Поэтому, если вы привыкли идти в понимании театрального спектакля “от ума” и пытаться облечь в слова логику режиссера (пусть иногда и досочинив), здесь вы столкнетесь с проблемой. Не с отсутствием логики как таковой и не с отсутствием концепции. Это принципиально иные по сравнению с привычными нам логика и театральный язык, и в корне иные принципы существования. Как если бы вы вдруг узнали, что Солнце все-таки вращается вокруг Земли. Иногда, когда хочет.

В общем, если вы еще никогда не видели полномасштабный спектакль Роберта Уилсона своими глазами (не читали о нем, не смотрели документальные фильмы, не слушали восторженных отзывов), не впадали в оторопь, сидя в зале, чувствуя, как зашкаливают на высших отметках датчики прекрасного, – вы счастливчик, – ваше удовольствие еще впереди. Потому что это непременно должно случиться и с вами.

“Фауст” – восьмая по счету постановка Уилсона в Берлинер Ансамбль, премьера состоялась в апреле.

В обширном списке спектак-лей режиссера есть несколько названий, связанных с произведением Гете косвенно, но никогда не было оригинала: “Может быть, я просто разогревался все эти годы для работы с шедевром Гете?” – говорит Уилсон.

Ни для кого не новость отношение немцев к тексту Гете – как к главному сокровищу германской литературы. Тем не менее, или даже вопреки этому, Уилсон берет в соавторы известного немецкого музыканта Герберта Гренемайера, поручая ему написать музыку и создать вокальные партии по мотивам великого текста – снижая тем самым пафос подхода к “Фаусту”, как к тяжеловесному и многословному философскому произведению. (Это не первая их совместная работа – двенадцать лет назад на той же сцене был создан спектакль “Леонс и Лена” Г.Бюхнера.) Великолепная музыка Гренемайера занимает важное место в спектакле, и хотя актеры примерно половину сценического времени танцуют и поют, назвать спектакль мюзиклом не повернется язык. Достаточно поверхностного знакомства с Уилсоном, чтобы понять: определить жанр его работ – если это не оперная постановка, где жанр ясен по определению – невозможно, поскольку они существуют в собственной системе координат, и все, что происходит на сцене, попросту не обязано никак логически объясняться.

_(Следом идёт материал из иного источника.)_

(* Ensures that every rebuilt node gets im \<ge> 1. *)
fun counts_pos :: "gsat \<Rightarrow> bool" where
  "counts_pos Leaf = True"
| "counts_pos (Node es cs c im) = ((\<forall>e\<in>set es. 1 \<le> acount e) \<and> (\<forall>ch\<in>set cs. counts_pos ch))"

fun balanced :: "gsat \<Rightarrow> bool" where
  "balanced Leaf = True"
| "balanced (Node es cs c im) =
    (4 * c \<le> im \<and> 1 \<le> im \<and> mass (Node es cs c im) \<le> im + c \<and>
     (\<forall>ch\<in>set cs. 2 * mass ch \<le> im + 2 * c \<and> 2 * im_of ch \<le> im + 2 * c \<and> balanced ch))"

fun depth_bound :: "gsat \<Rightarrow> real" where
  "depth_bound Leaf = 0"
| "depth_bound (Node es cs c im) = 1 + log (4/3) (real im)"

subsection \<open>Sums over entries and children\<close>

lemma sum_list_map_update:
  "i < length xs \<Longrightarrow>
    sum_list (map f (xs[i := x])) + f (xs ! i) = sum_list (map f xs) + (f x :: 'b::comm_monoid_add)"
  by (induction xs arbitrary: i) (auto simp: algebra_simps split: nat.splits)

lemma sum_Union_le_sum_list:
  fixes f :: "'a \<Rightarrow> nat"
  assumes "\<forall>A\<in>set As. finite A"
  shows "sum f (\<Union>(set As)) \<le> sum_list (map (sum f) As)"
  using assms
proof (induction As)
  case (Cons A As)
  have "sum f (A \<union> \<Union>(set As)) + sum f (A \<inter> \<Union>(set As)) = sum f A + sum f (\<Union>(set As))"
    by (rule sum.union_inter) (use Cons.prems in auto)
  then show ?case
    using Cons by simp
qed simp

lemma sum_set_le_sum_list:
  fixes f :: "'a \<Rightarrow> nat"
  shows "sum f (set xs) \<le> sum_list (map f xs)"
  by (induction xs) (auto simp: sum.insert_if)

lemma acount_upd_entry [simp]: "acount (upd_entry o' e) = Suc (acount e)"
  by (cases o'; cases e) auto

lemma mass_update_entry:
  "i < length es \<Longrightarrow>
    mass (Node (es[i := upd_entry o' (es ! i)]) cs c' im') = Suc (mass (Node es cs c im))"
  using sum_list_map_update[of i es acount "upd_entry o' (es ! i)"] by simp

lemma mass_update_child:
  "j < length cs \<Longrightarrow>
    mass (Node es (cs[j := t']) c' im') + mass (cs ! j) = mass (Node es cs c im) + mass t'"
  using sum_list_map_update[of j cs mass t'] by simp

lemma counter_sum_update_child:
  "j < length cs \<Longrightarrow>
    counter_sum (Node es (cs[j := t']) (Suc c) im) + counter_sum (cs ! j)
      = Suc (counter_sum (Node es cs c im)) + counter_sum t'"
  using sum_list_map_update[of j cs counter_sum t'] by simp

lemma finite_entries: "finite (entries t)"
  by (induction t) auto

lemma sum_entries_le_mass: "sum acount (entries t) \<le> mass t"
proof (induction t)
  case (Node es cs c im)
  have "sum acount (entries (Node es cs c im))
      \<le> sum acount (set es) + sum acount (\<Union>(set (map entries cs)))"
    using sum.union_inter[of "set es" "\<Union>(set (map entries cs))" acount] finite_entries by auto
  also have "sum acount (\<Union>(set (map entries cs))) \<le> sum_list (map (sum acount) (map entries cs))"
    by (rule sum_Union_le_sum_list) (auto simp: finite_entries)
  also have "\<dots> \<le> sum_list (map mass cs)"
    using Node by (auto intro: sum_list_mono)
  also have "sum acount (set es) \<le> sum_list (map acount es)"
    by (rule sum_set_le_sum_list)
  finally show ?case by simp
qed simp

subsection \<open>Ideal trees\<close>

lemma ideal_child_keys:
  assumes "ideal_gsat D (Node es cs c im)" "j < length cs" "e \<in> entries (cs ! j)"
  shows ideal_child_keys_above: "0 < j \<Longrightarrow> fst (es ! (j - 1)) < fst e"
    and ideal_child_keys_below: "j < length es \<Longrightarrow> fst e < fst (es ! j)"
  using assms by (auto simp: Let_def)

lemma sorted_wrt_less_nth_le:
  "sorted_wrt (<) (map fst es) \<Longrightarrow> i \<le> k \<Longrightarrow> k < length es \<Longrightarrow> fst (es ! i) \<le> (fst (es ! k) :: 'a::order)"
  using sorted_wrt_nth_less[of "(<)" "map fst es" i k] by (cases "i = k") auto

lemma ideal_children_disjoint:
  assumes ideal: "ideal_gsat D (Node es cs c im)" and "j < k" "k < length cs"
  shows "entries (cs ! j) \<inter> entries (cs ! k) = {}"
proof -
  have sorted: "sorted_wrt (<) (map fst es)" and len: "length cs = length es + 1"
    using ideal by (simp_all add: Let_def)
  have "fst e < fst e'" if "e \<in> entries (cs ! j)" "e' \<in> entries (cs ! k)" for e e'
  proof -
    have "fst e < fst (es ! j)"
      using ideal_child_keys_below[OF ideal _ that(1)] assms len by simp
    also have "\<dots> \<le> fst (es ! (k - 1))"
      using sorted_wrt_less_nth_le[OF sorted, of j "k - 1"] assms len by simp
    also have "\<dots> < fst e'"
      using ideal_child_keys_above[OF ideal _ that(2)] assms by simp
    finally show ?thesis .
  qed
  then show ?thesis by blast
qed

lemma ideal_entries_children_disjoint:
  assumes ideal: "ideal_gsat D (Node es cs c im)" and "j < length cs"
  shows "set es \<inter> entries (cs ! j) = {}"
proof -
  have sorted: "sorted_wrt (<) (map fst es)" and len: "length cs = length es + 1"
    using ideal by (simp_all add: Let_def)
  have "fst (es ! i) \<noteq> fst e" if "i < length es" "e \<in> entries (cs ! j)" for i e
  proof (cases "i < j")
    case True
    have "fst (es ! i) \<le> fst (es ! (j - 1))"
      using sorted_wrt_less_nth_le[OF sorted, of i "j - 1"] True assms len by simp
    also have "\<dots> < fst e"
      using ideal_child_keys_above[OF ideal assms(2) that(2)] True by simp
    finally show ?thesis by simp
  next
    case False
    have "fst e < fst (es ! j)"
      using ideal_child_keys_below[OF ideal assms(2) that(2)] False that(1) by simp
    also have "\<dots> \<le> fst (es ! i)"
      using sorted_wrt_less_nth_le[OF sorted, of j i] False that(1) by simp
    finally show ?thesis by simp
  qed
  then show ?thesis by (force simp: in_set_conv_nth)
qed

lemma ideal_mass_eq: "ideal_gsat D t \<Longrightarrow> mass t = sum acount (entries t)"
proof (induction t)
  case (Node es cs c im)
  have children: "\<Union>(set (map entries cs)) = (\<Union>j<length cs. entries (cs ! j))"
    by (auto simp: in_set_conv_nth) (metis nth_mem)
  have "sum_list (map mass cs) = (\<Sum>j<length cs. mass (cs ! j))"
    by (simp add: sum_list_sum_nth atLeast0LessThan)
  also have "\<dots> = (\<Sum>j<length cs. sum acount (entries (cs ! j)))"
  proof (rule sum.cong[OF refl])
    fix j assume "j \<in> {..<length cs}"
    then have "cs ! j \<in> set cs" by simp
    with Node.prems have "ideal_gsat D (cs ! j)" by (simp add: Let_def)
    with \<open>cs ! j \<in> set cs\<close> show "mass (cs ! j) = sum acount (entries (cs ! j))" by (rule Node.IH)
  qed
  also have "\<dots> = sum acount (\<Union>(set (map entries cs)))"
  proof -
    have "\<forall>i\<in>{..<length cs}. \<forall>k\<in>{..<length cs}. i \<noteq> k \<longrightarrow> entries (cs ! i) \<inter> entries (cs ! k) = {}"
      using ideal_children_disjoint[OF Node.prems] by (metis Int_commute lessThan_iff linorder_neqE_nat)
    then show ?thesis
      unfolding children by (intro sum.UNION_disjoint[symmetric]) (simp_all add: finite_entries)
  qed
  finally have children_mass: "sum_list (map mass cs) = sum acount (\<Union>(set (map entries cs)))" .
  have entries_mass: "sum_list (map acount es) = sum acount (set es)"
  proof -
    have "sorted_wrt (<) (map fst es)"
      using Node.prems by (simp add: Let_def)
    then have "distinct es"
      by (metis distinct_map strict_sorted_iff)
    then show ?thesis
      by (rule sum_list_distinct_conv_sum_set)
  qed
  have "set es \<inter> \<Union>(set (map entries cs)) = {}"
    using ideal_entries_children_disjoint[OF Node.prems] children by auto
  then have "sum acount (entries (Node es cs c im))
      = sum acount (set es) + sum acount (\<Union>(set (map entries cs)))"
    unfolding entries.simps by (intro sum.union_disjoint) (simp_all add: finite_entries)
  then show ?case
    by (simp only: mass.simps children_mass entries_mass)
qed simp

С самого начала этот “Фауст” погружает зрителей в поле безудержной энергии, находящей выход в бесконечном, хаотичном поначалу движении. Еще до традиционного начала спектакля в зале звучит музыка, а по сцене в безумном вихре проносятся персонажи. Музыка живая – в оркестровой яме работают 8 отличных музыкантов.

Работа Уилсона со спектак-лем всегда начинается с движения и никогда – с текста. В великолепных работах режиссера текст лишь дополняет визуальную составляющую, она является первичной: “Я начинаю с движения, чтобы быть уверенным в его силе, в том, что движение может уверенно существовать само по себе даже без слов”.

Роберт Уилсон, как всякий крупный режиссер, одновременно является хорошим актером, это очень заметно, когда он читает лекции или дает интервью. Его слова надо воспринимать с осторожностью, фантазия и актерский обман нередко им сопутствуют. Но зная историю его становления – болезнь в подростковом возрасте, затрудненные речь и движение, последующее излечение и как следствие – постоянное противопоставление и напряженный диалог визуального и звукового в его работах, понимаешь, что в данном случае это один из ключей к пониманию феномена спектаклей Уилсона.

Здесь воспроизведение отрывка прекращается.